■ Work required ■
Copy out exactly the lines from the start of the data to the line containing "(cl_scalar :: complex". Include both.

-=-=-=-=-

lemma dirac_cl_scalar:
  fixes \<phi> :: "(real, 'n::{finite,linorder}) vec \<Rightarrow> complex"
  assumes "\<phi> differentiable (at y)"
  shows "dirac (\<lambda>z. cl_scalar (\<phi> z)) y = cl_grad \<phi> y"
proof -
  have "bounded_linear (cl_scalar :: complex \<Rightarrow> 'n clif)"
    by (auto intro!: bounded_linearI' simp: vec_eq_iff cl_scalar_def vector_scaleR_component)
  from bounded_linear.has_derivative[OF this assms[unfolded frechet_derivative_works]]
  have "pd k (\<lambda>z. cl_scalar (\<phi> z) :: 'n clif) y = cl_scalar (pd k \<phi> y)" for k
    unfolding pd_def[of k \<phi>] by (rule pd_eq_derivative)
  then show ?thesis by (simp add: dirac_def cl_grad_def cl_mult_scalar_right)
qed

lemma dirac_cl_scale:
  assumes "\<phi> differentiable (at x)" "g differentiable (at x)"
  shows "dirac (\<lambda>y. cl_scale (\<phi> y) (g y)) x = cl_scale (\<phi> x) (dirac g x) + cl_mult (cl_grad \<phi> x) (g x)"
  by (simp add: dirac_def cl_grad_def pd_cl_scale[OF assms] cl_mult.add_right cl_mult.sum_left
      cl_mult_scale_left cl_mult_scale_right cl_scale.sum_right sum.distrib)

lemma has_derivative_cl_grad:
  assumes "\<And>k. pd k \<phi> differentiable (at x)"
  shows "(cl_grad \<phi> has_derivative
      (\<lambda>h. \<Sum>k\<in>UNIV. cl_scale (frechet_derivative (pd k \<phi>) (at x) h) (cl_e k))) (at x)"
  unfolding cl_grad_def[abs_def]
  using has_derivative_cl_scale[OF assms[unfolded frechet_derivative_works] has_derivative_const]
  by (intro has_derivative_sum) (simp add: cl_scale.zero_right)

lemma dirac_cl_grad:
  assumes "open \<Omega>" "x \<in> \<Omega>" "twice_differentiable_on \<phi> \<Omega>"
  shows "dirac (cl_grad \<phi>) x = cl_scalar (- laplacian \<phi> x)"
proof -
  have pd_differentiable: "pd k \<phi> differentiable (at x)" for k
    using assms unfolding twice_differentiable_on_def by (meson differentiable_on_eq_differentiable_at)
  have "pd j (cl_grad \<phi>) x = (\<Sum>k\<in>UNIV. cl_scale (pd j (pd k \<phi>) x) (cl_e k))" for j
    unfolding pd_def[of j "pd k \<phi>" for k] by (rule pd_eq_derivative[OF has_derivative_cl_grad[OF pd_differentiable]])
  then have "dirac (cl_grad \<phi>) x
      = (\<Sum>j\<in>UNIV. \<Sum>k\<in>UNIV. cl_scale (pd j (pd k \<phi>) x) (cl_mult (cl_e j) (cl_e k)))"
    by (simp add: dirac_def cl_mult.sum_right cl_mult_scale_right)
  also have "\<dots> = cl_scalar (- laplacian \<phi> x)"
    unfolding laplacian_def
  proof (rule sum_symmetric_cl_e_products)
    show "pd j (pd k \<phi>) x = pd k (pd j \<phi>) x" for j k
      using assms(3) unfolding twice_differentiable_on_def
      by (intro pd_commute[OF assms(1,2) _ pd_differentiable pd_differentiable]) blast
  qed
  finally show ?thesis .
qed

lemma dirac_factorisation:
  fixes \<phi> :: "(real, 'n::{finite,linorder}) vec \<Rightarrow> complex" and f :: "(real, 'n) vec \<Rightarrow> 'n clif"
  assumes "open \<Omega>" "x \<in> \<Omega>" "twice_differentiable_on \<phi> \<Omega>" "f differentiable_on \<Omega>"
  shows "dirac (\<lambda>y. dirac (\<lambda>z. cl_scalar (\<phi> z)) y - cl_mult (cl_scalar (\<phi> y)) (f y)) x
         + cl_mult (dirac (\<lambda>z. cl_scalar (\<phi> z)) x - cl_mult (cl_scalar (\<phi> x)) (f x)) (f x)
       = cl_scalar (- laplacian \<phi> x) - cl_scale (\<phi> x) (dirac f x + cl_mult (f x) (f x))"
proof -
  have \<phi>_differentiable: "\<phi> differentiable (at y)" if "y \<in> \<Omega>" for y
    using assms(1,3) that unfolding twice_differentiable_on_def
    by (meson differentiable_on_eq_differentiable_at)
  have f_differentiable: "f differentiable (at x)"
    using assms(1,2,4) by (meson differentiable_on_eq_differentiable_at)
  have grad_differentiable: "cl_grad \<phi> differentiable (at x)"
    using assms(1-3) unfolding twice_differentiable_on_def differentiable_def
    by (meson differentiable_on_eq_differentiable_at differentiable_def has_derivative_cl_grad)
  have product_differentiable: "(\<lambda>y. cl_scale (\<phi> y) (f y)) differentiable (at x)"
    using has_derivative_cl_scale \<phi>_differentiable[OF assms(2)] f_differentiable
    unfolding differentiable_def by blast
  have "dirac (\<lambda>y. dirac (\<lambda>z. cl_scalar (\<phi> z)) y - cl_mult (cl_scalar (\<phi> y)) (f y)) x
      = dirac (\<lambda>y. cl_grad \<phi> y - cl_scale (\<phi> y) (f y)) x"
    by (rule dirac_cong_open[OF assms(1,2)]) (simp add: dirac_cl_scalar \<phi>_differentiable cl_mult_scalar_left)
  also have "\<dots> = dirac (cl_grad \<phi>) x - dirac (\<lambda>y. cl_scale (\<phi> y) (f y)) x"
    by (rule dirac_diff[OF grad_differentiable product_differentiable])
  also have "\<dots> = cl_scalar (- laplacian \<phi> x) - (cl_scale (\<phi> x) (dirac f x) + cl_mult (cl_grad \<phi> x) (f x))"
    by (simp add: dirac_cl_grad[OF assms(1-3)] dirac_cl_scale \<phi>_differentiable[OF assms(2)] f_differentiable)
  moreover have "cl_mult (dirac (\<lambda>z. cl_scalar (\<phi> z)) x - cl_mult (cl_scalar (\<phi> x)) (f x)) (f x)
      = cl_mult (cl_grad \<phi> x) (f x) - cl_scale (\<phi> x) (cl_mult (f x) (f x))"
    by (simp add: dirac_cl_scalar \<phi>_differentiable[OF assms(2)] cl_mult_scalar_left cl_mult.diff_left
        cl_mult_scale_left)
  ultimately show ?thesis by (simp add: cl_scale.add_right)
qed
(* Let $d\ge1$ and let $\Psi$, $B$, $b$ satisfy the standing assumptions (A1)–(A4) in the context, and for $h>0$ let $b_h(t,x)=\frac{b(t,x)}{1+h|b(t,x)|}$. Then there exists $h_{\max}>0$ such that $$\lim_{r\to\infty}\ \sup_{|x|\ge r,\ t\ge0,\ 0<h\le h_{\max}}\Big(2\Big\langle\frac{x}{|x|},b_h(t,x)\Big\rangle+\frac{h}{|x|}|b_h(t,x)|^2\Big)<0.$$
   Context: $|\cdot|$ is the Euclidean norm on vectors and the operator norm on matrices; $a\vee b=\max\{a,b\}$; $\operatorname{div}B$ is the row-wise divergence $(\operatorname{div}B)_i=\sum_j\partial_{x_j}B_{ij}$. Standing assumptions: (A1) $\Psi\in C^2(\mathbb{R}^d)$, $\nabla\Psi$ $L$-Lipschitz, $\nabla\Psi(0)=0$. (A2) $B:[0,\infty)\times\mathbb{R}^d\to\mathbb{R}^{d\times d}$ symmetric with $\beta_lI\preceq B(t,x)\preceq\beta_uI$, $\beta_l,\beta_u>0$. (A3) $B$ is $C^2$ in $x$ and there are $L,n_B>0$, $\delta\ge1/2$ with, for all $x,y$, $s,t>0$: $|B(t,x)-B(t,y)|\vee|\operatorname{div}B(t,x)-\operatorname{div}B(t,y)|\le L(1+|x|^{n_B}+|y|^{n_B})|x-y|$ and $|B(s,x)-B(t,x)|\vee|\operatorname{div}B(s,x)-\operatorname{div}B(t,x)|\le L(1+|x|^{n_B})|s-t|^\delta$. (A4) $b(t,x)=-B(t,x)\nabla\Psi(x)+\operatorname{div}B(t,x)$ satisfies $\lim_{r\to\infty}\sup_{|x|\ge r,t\ge0}\langle\frac{x}{|x|},\frac{b(t,x)}{|b(t,x)|}\rangle<0$ and $\lim_{r\to\infty}\inf_{|x|\ge r,t\ge0}|b(t,x)|=\infty$. *)

theory Defs
  imports "HOL-Analysis.Analysis"
begin

definition C1_map :: "('a::euclidean_space \<Rightarrow> 'b::real_normed_vector) \<Rightarrow> bool" where
  "C1_map f \<longleftrightarrow> (\<exists>f'. (\<forall>x. (f has_derivative blinfun_apply (f' x)) (at x)) \<and> continuous_on UNIV f')"

definition C2_map :: "('a::euclidean_space \<Rightarrow> 'b::real_normed_vector) \<Rightarrow> bool" where
  "C2_map f \<longleftrightarrow> (\<exists>f'. (\<forall>x. (f has_derivative blinfun_apply (f' x)) (at x)) \<and> C1_map f')"

definition grad :: "(real^'n \<Rightarrow> real) \<Rightarrow> real^'n \<Rightarrow> real^'n" where
  "grad f x = (\<chi> i. frechet_derivative f (at x) (axis i 1))"

definition mdiv :: "(real^'n \<Rightarrow> real^'n^'n) \<Rightarrow> real^'n \<Rightarrow> real^'n" where
  "mdiv A x = (\<chi> i. \<Sum>j\<in>UNIV. frechet_derivative (\<lambda>y. A y $ i $ j) (at x) (axis j 1))"

definition opnorm :: "real^'n^'n \<Rightarrow> real" where
  "opnorm A = onorm (\<lambda>v. A *v v)"

definition drift :: "(real \<Rightarrow> real^'n \<Rightarrow> real^'n^'n) \<Rightarrow> (real^'n \<Rightarrow> real) \<Rightarrow> real \<Rightarrow> real^'n \<Rightarrow> real^'n" where
  "drift B Psi t x = - (B t x *v grad Psi x) + mdiv (B t) x"

definition tamed :: "real \<Rightarrow> (real \<Rightarrow> real^'n \<Rightarrow> real^'n) \<Rightarrow> real \<Rightarrow> real^'n \<Rightarrow> real^'n" where
  "tamed h b t x = (1 / (1 + h * norm (b t x))) *\<^sub>R b t x"

end

theory Submission
  imports Defs
begin

text \<open>Write \<open>s = |b| / (1 + h|b|)\<close> for the length of the tamed vector. Far out, the
  radial component of \<open>b\<close> is at most \<open>-c|b|\<close>, so the first term is at most \<open>-2cs\<close>;
  since \<open>hs < 1\<close>, the correction term \<open>(h/|x|) s\<^sup>2\<close> is at most \<open>s/|x| \<le> cs\<close> once
  \<open>|x| \<ge> 1/c\<close>. Hence the whole expression is at most \<open>-cs\<close>, and \<open>s \<ge> 1/2\<close> as soon
  as \<open>|b| \<ge> 1\<close> and \<open>h \<le> 1\<close>, which (A4) guarantees far out. So \<open>h\<^sub>m\<^sub>a\<^sub>x = 1\<close> works:
  the supremum over \<open>|x| \<ge> r\<close> is antitone in \<open>r\<close>, hence converges, and it is
  eventually below \<open>-c/2\<close>. Only (A4) enters.\<close>

lemma tamed_radial_bound:
  fixes u b :: "'a::real_inner" and h \<rho> c :: real
  assumes "1 \<le> norm b" "0 < h" "h \<le> 1" "0 < \<rho>" "1 / \<rho> \<le> c"
    and radial: "u \<bullet> (1 / norm b) *\<^sub>R b \<le> - c"
  shows "2 * (u \<bullet> (1 / (1 + h * norm b)) *\<^sub>R b)
           + h / \<rho> * (norm ((1 / (1 + h * norm b)) *\<^sub>R b))\<^sup>2 \<le> - c / 2"
proof -
  define s where "s = norm b / (1 + h * norm b)"
  have den: "1 + h * norm b > 0"
    using assms by (simp add: add_pos_nonneg)
  have c: "c > 0"
    using divide_pos_pos[of 1 \<rho>] assms(4,5) by linarith
  have s_pos: "s > 0"
    unfolding s_def using den assms by (intro divide_pos_pos) auto
  have hs: "h * s < 1"
    unfolding s_def using den by (simp add: divide_less_eq)
  have "h * norm b \<le> norm b"
    using assms(2,3) by (simp add: mult_left_le_one_le)
  then have s_half: "1 / 2 \<le> s"
    unfolding s_def using den assms(1) by (simp add: divide_simps)
  have "0 < norm b"
    using assms(1) by linarith
  then have "u \<bullet> b \<le> - c * norm b"
    using radial by (simp add: inner_scaleR_right pos_divide_le_eq)
  then have first: "2 * (u \<bullet> (1 / (1 + h * norm b)) *\<^sub>R b) \<le> - 2 * (c * s)"
    unfolding s_def using den by (simp add: inner_scaleR_right divide_simps)
  have "h / \<rho> * s\<^sup>2 = s * ((h * s) * (1 / \<rho>))"
    by (simp add: power2_eq_square)
  also have "\<dots> \<le> s * c"
  proof (rule mult_left_mono)
    have "(h * s) * (1 / \<rho>) \<le> 1 / \<rho>"
      using hs s_pos assms by (intro mult_left_le_one_le) auto
    then show "(h * s) * (1 / \<rho>) \<le> c"
      using assms by linarith
  qed (use s_pos in simp)
  finally have second: "h / \<rho> * s\<^sup>2 \<le> c * s"
    by (simp add: mult.commute)
  have norm_tamed: "norm ((1 / (1 + h * norm b)) *\<^sub>R b) = s"
    unfolding s_def using den by simp
  have "2 * (u \<bullet> (1 / (1 + h * norm b)) *\<^sub>R b)
           + h / \<rho> * (norm ((1 / (1 + h * norm b)) *\<^sub>R b))\<^sup>2 \<le> - (c * s)"
    unfolding norm_tamed using first second by linarith
  also have "\<dots> \<le> - c / 2"
    using s_half c by simp
  finally show ?thesis .
qed

lemma antimono_tendsto_INF_at_top:
  fixes f :: "'a::linorder \<Rightarrow> 'b::{complete_linorder,linorder_topology}"
  assumes "antimono f"
  shows "(f \<longlongrightarrow> (INF r. f r)) at_top"
proof (rule decreasing_tendsto)
  show "eventually (\<lambda>r. (INF r. f r) \<le> f r) at_top"
    by (simp add: INF_lower)
next
  fix a assume "(INF r. f r) < a"
  then obtain r0 where "f r0 < a"
    by (auto simp: INF_less_iff)
  then show "eventually (\<lambda>r. f r < a) at_top"
    using assms unfolding eventually_at_top_linorder antimono_def
    by (meson order_le_less_trans)
qed

lemma eventually_all_less_of_SUP_tendsto:
  fixes g :: "'a \<Rightarrow> 'b::{complete_linorder,linorder_topology}"
  assumes "((\<lambda>r. SUP p\<in>S r. g p) \<longlongrightarrow> l) F" "l < c"
  shows "eventually (\<lambda>r. \<forall>p\<in>S r. g p < c) F"
  using order_tendstoD(2)[OF assms] by eventually_elim (auto dest: SUP_lessD)

lemma eventually_all_greater_of_INF_tendsto:
  fixes g :: "'a \<Rightarrow> 'b::{complete_linorder,linorder_topology}"
  assumes "((\<lambda>r. INF p\<in>S r. g p) \<longlongrightarrow> l) F" "c < l"
  shows "eventually (\<lambda>r. \<forall>p\<in>S r. c < g p) F"
  using order_tendstoD(1)[OF assms] by eventually_elim (auto dest: less_INF_D)

lemma eventually_radial_drift_bounds:
  fixes b :: "real \<Rightarrow> 'a::real_inner \<Rightarrow> 'a"
  assumes dir: "\<exists>l::ereal. ((\<lambda>r. SUP (x, t)\<in>{(x, t). r \<le> norm x \<and> 0 \<le> t}.
        ereal ((1 / norm x) *\<^sub>R x \<bullet> (1 / norm (b t x)) *\<^sub>R b t x)) \<longlongrightarrow> l) at_top \<and> l < 0"
    and grow: "((\<lambda>r. INF (x, t)\<in>{(x, t). r \<le> norm x \<and> 0 \<le> t}.
        ereal (norm (b t x))) \<longlongrightarrow> \<infinity>) at_top"
  obtains c R where "0 < c"
    "\<And>x t. R \<le> norm x \<Longrightarrow> 0 \<le> t \<Longrightarrow>
       (1 / norm x) *\<^sub>R x \<bullet> (1 / norm (b t x)) *\<^sub>R b t x < - c \<and> 1 < norm (b t x)"
proof -
  obtain l where l: "((\<lambda>r. SUP (x, t)\<in>{(x, t). r \<le> norm x \<and> 0 \<le> t}.
      ereal ((1 / norm x) *\<^sub>R x \<bullet> (1 / norm (b t x)) *\<^sub>R b t x)) \<longlongrightarrow> l) at_top" "l < 0"
    using dir by blast
  obtain q :: real where q: "l < ereal q" "q < 0"
    using ereal_dense2[OF l(2)] by auto
  have "eventually (\<lambda>r. \<forall>x t. r \<le> norm x \<and> 0 \<le> t \<longrightarrow>
      (1 / norm x) *\<^sub>R x \<bullet> (1 / norm (b t x)) *\<^sub>R b t x < q \<and> 1 < norm (b t x)) at_top"
    using eventually_all_less_of_SUP_tendsto[OF l(1) q(1)]
      eventually_all_greater_of_INF_tendsto[OF grow, of 1, simplified]
    by eventually_elim auto
  then obtain R where "\<And>x t. R \<le> norm x \<Longrightarrow> 0 \<le> t \<Longrightarrow>
      (1 / norm x) *\<^sub>R x \<bullet> (1 / norm (b t x)) *\<^sub>R b t x < q \<and> 1 < norm (b t x)"
    unfolding eventually_at_top_linorder by blast
  then show thesis
    using that[of "- q" R] q(2) by simp
qed

lemma tamed_radial_SUP_le:
  fixes b :: "real \<Rightarrow> real^'n \<Rightarrow> real^'n"
  assumes "0 < c" "R \<le> r" "1 / c \<le> r"
    and bounds: "\<And>x t. R \<le> norm x \<Longrightarrow> 0 \<le> t \<Longrightarrow>
       (1 / norm x) *\<^sub>R x \<bullet> (1 / norm (b t x)) *\<^sub>R b t x < - c \<and> 1 < norm (b t x)"
  shows "(SUP (x, t, h)\<in>{(x, t, h). r \<le> norm x \<and> 0 \<le> t \<and> 0 < h \<and> h \<le> 1}.
      ereal (2 * ((1 / norm x) *\<^sub>R x \<bullet> tamed h b t x) + h / norm x * (norm (tamed h b t x))\<^sup>2))
    \<le> ereal (- c / 2)"
proof (intro SUP_least, clarify)
  fix x :: "real^'n" and t h :: real
  assume x: "r \<le> norm x" and t: "0 \<le> t" and h: "0 < h" "h \<le> 1"
  have xc: "1 / c \<le> norm x"
    using x assms(3) by linarith
  moreover have "0 < 1 / c"
    using assms(1) by simp
  ultimately have "0 < norm x"
    by linarith
  moreover have "1 / norm x \<le> c"
    using xc assms(1) \<open>0 < norm x\<close> by (simp add: divide_simps mult.commute)
  moreover have "1 < norm (b t x)" "(1 / norm x) *\<^sub>R x \<bullet> (1 / norm (b t x)) *\<^sub>R b t x \<le> - c"
    using bounds[of x t] x t assms(2) by auto
  ultimately show "ereal (2 * ((1 / norm x) *\<^sub>R x \<bullet> tamed h b t x)
      + h / norm x * (norm (tamed h b t x))\<^sup>2) \<le> ereal (- c / 2)"
    using h unfolding tamed_def ereal_less_eq(3) by (intro tamed_radial_bound) auto
qed

lemma tamed_drift_radial_limit:
  fixes b :: "real \<Rightarrow> real^'n \<Rightarrow> real^'n"
  assumes dir: "\<exists>l::ereal. ((\<lambda>r. SUP (x, t)\<in>{(x, t). r \<le> norm x \<and> 0 \<le> t}.
        ereal ((1 / norm x) *\<^sub>R x \<bullet> (1 / norm (b t x)) *\<^sub>R b t x)) \<longlongrightarrow> l) at_top \<and> l < 0"
    and grow: "((\<lambda>r. INF (x, t)\<in>{(x, t). r \<le> norm x \<and> 0 \<le> t}.
        ereal (norm (b t x))) \<longlongrightarrow> \<infinity>) at_top"
  shows "\<exists>l::ereal.
    ((\<lambda>r. SUP (x, t, h)\<in>{(x, t, h). r \<le> norm x \<and> 0 \<le> t \<and> 0 < h \<and> h \<le> 1}.
        ereal (2 * ((1 / norm x) *\<^sub>R x \<bullet> tamed h b t x) + h / norm x * (norm (tamed h b t x))\<^sup>2))
      \<longlongrightarrow> l) at_top \<and> l < 0"
proof -
  define F where "F = (\<lambda>r. SUP (x, t, h)\<in>{(x, t, h). r \<le> norm x \<and> 0 \<le> t \<and> 0 < h \<and> h \<le> 1}.
    ereal (2 * ((1 / norm x) *\<^sub>R x \<bullet> tamed h b t x) + h / norm x * (norm (tamed h b t x))\<^sup>2))"
  obtain c R where c: "0 < c" and bounds: "\<And>x t. R \<le> norm x \<Longrightarrow> 0 \<le> t \<Longrightarrow>
      (1 / norm x) *\<^sub>R x \<bullet> (1 / norm (b t x)) *\<^sub>R b t x < - c \<and> 1 < norm (b t x)"
    using eventually_radial_drift_bounds[OF dir grow] by blast
  define r0 where "r0 = max R (1 / c)"
  have "F r0 \<le> ereal (- c / 2)"
    unfolding F_def using c bounds by (intro tamed_radial_SUP_le) (auto simp: r0_def)
  also have "\<dots> < 0"
    using c by simp
  finally have "(INF r. F r) < 0"
    by (meson INF_lower UNIV_I le_less_trans)
  moreover have "antimono F"
    unfolding F_def antimono_def by (auto intro!: SUP_subset_mono)
  ultimately show ?thesis
    using antimono_tendsto_INF_at_top unfolding F_def by blast
qed

theorem lemma12:
  fixes Psi :: "real^'n \<Rightarrow> real"
    and B :: "real \<Rightarrow> real^'n \<Rightarrow> real^'n^'n"
    and L nB \<delta> \<beta>l \<beta>u :: real
  assumes A1_C2: "C2_map Psi"
    and A1_Lip: "\<forall>x y. norm (grad Psi x - grad Psi y) \<le> L * norm (x - y)"
    and A1_zero: "grad Psi 0 = 0"
    and A2_sym: "\<forall>t x. 0 \<le> t \<longrightarrow> transpose (B t x) = B t x"
    and A2_pos: "\<beta>l > 0" "\<beta>u > 0"
    and A2_bounds: "\<forall>t x v. 0 \<le> t \<longrightarrow>
        \<beta>l * (v \<bullet> v) \<le> v \<bullet> (B t x *v v) \<and> v \<bullet> (B t x *v v) \<le> \<beta>u * (v \<bullet> v)"
    and A3_C2: "\<forall>t. 0 \<le> t \<longrightarrow> C2_map (B t)"
    and A3_const: "L > 0" "nB > 0" "\<delta> \<ge> 1/2"
    and A3_x: "\<forall>x y t. 0 < t \<longrightarrow>
        max (opnorm (B t x - B t y)) (norm (mdiv (B t) x - mdiv (B t) y))
          \<le> L * (1 + norm x powr nB + norm y powr nB) * norm (x - y)"
    and A3_t: "\<forall>x s t. 0 < s \<longrightarrow> 0 < t \<longrightarrow>
        max (opnorm (B s x - B t x)) (norm (mdiv (B s) x - mdiv (B t) x))
          \<le> L * (1 + norm x powr nB) * \<bar>s - t\<bar> powr \<delta>"
    and A4_dir: "\<exists>l::ereal. ((\<lambda>r. SUP (x, t)\<in>{(x, t). r \<le> norm x \<and> 0 \<le> t}.
        ereal ((1 / norm x) *\<^sub>R x \<bullet> (1 / norm (drift B Psi t x)) *\<^sub>R drift B Psi t x))
          \<longlongrightarrow> l) at_top \<and> l < 0"
    and A4_grow: "((\<lambda>r. INF (x, t)\<in>{(x, t). r \<le> norm x \<and> 0 \<le> t}.
        ereal (norm (drift B Psi t x))) \<longlongrightarrow> \<infinity>) at_top"
  shows "\<exists>hmax > 0. \<exists>l::ereal.
    ((\<lambda>r. SUP (x, t, h)\<in>{(x, t, h). r \<le> norm x \<and> 0 \<le> t \<and> 0 < h \<and> h \<le> hmax}.
        ereal (2 * ((1 / norm x) *\<^sub>R x \<bullet> tamed h (drift B Psi) t x)
               + h / norm x * (norm (tamed h (drift B Psi) t x))^2))
      \<longlongrightarrow> l) at_top \<and> l < 0"
  using tamed_drift_radial_limit[OF A4_dir A4_grow] by (intro exI[of _ 1]) auto

end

-=-=-=-=-

■ Answer to this task ■
lemma dirac_cl_scalar:
  fixes \<phi> :: "(real, 'n::{finite,linorder}) vec \<Rightarrow> complex"
  assumes "\<phi> differentiable (at y)"
  shows "dirac (\<lambda>z. cl_scalar (\<phi> z)) y = cl_grad \<phi> y"
proof -
  have "bounded_linear (cl_scalar :: complex \<Rightarrow> 'n clif)"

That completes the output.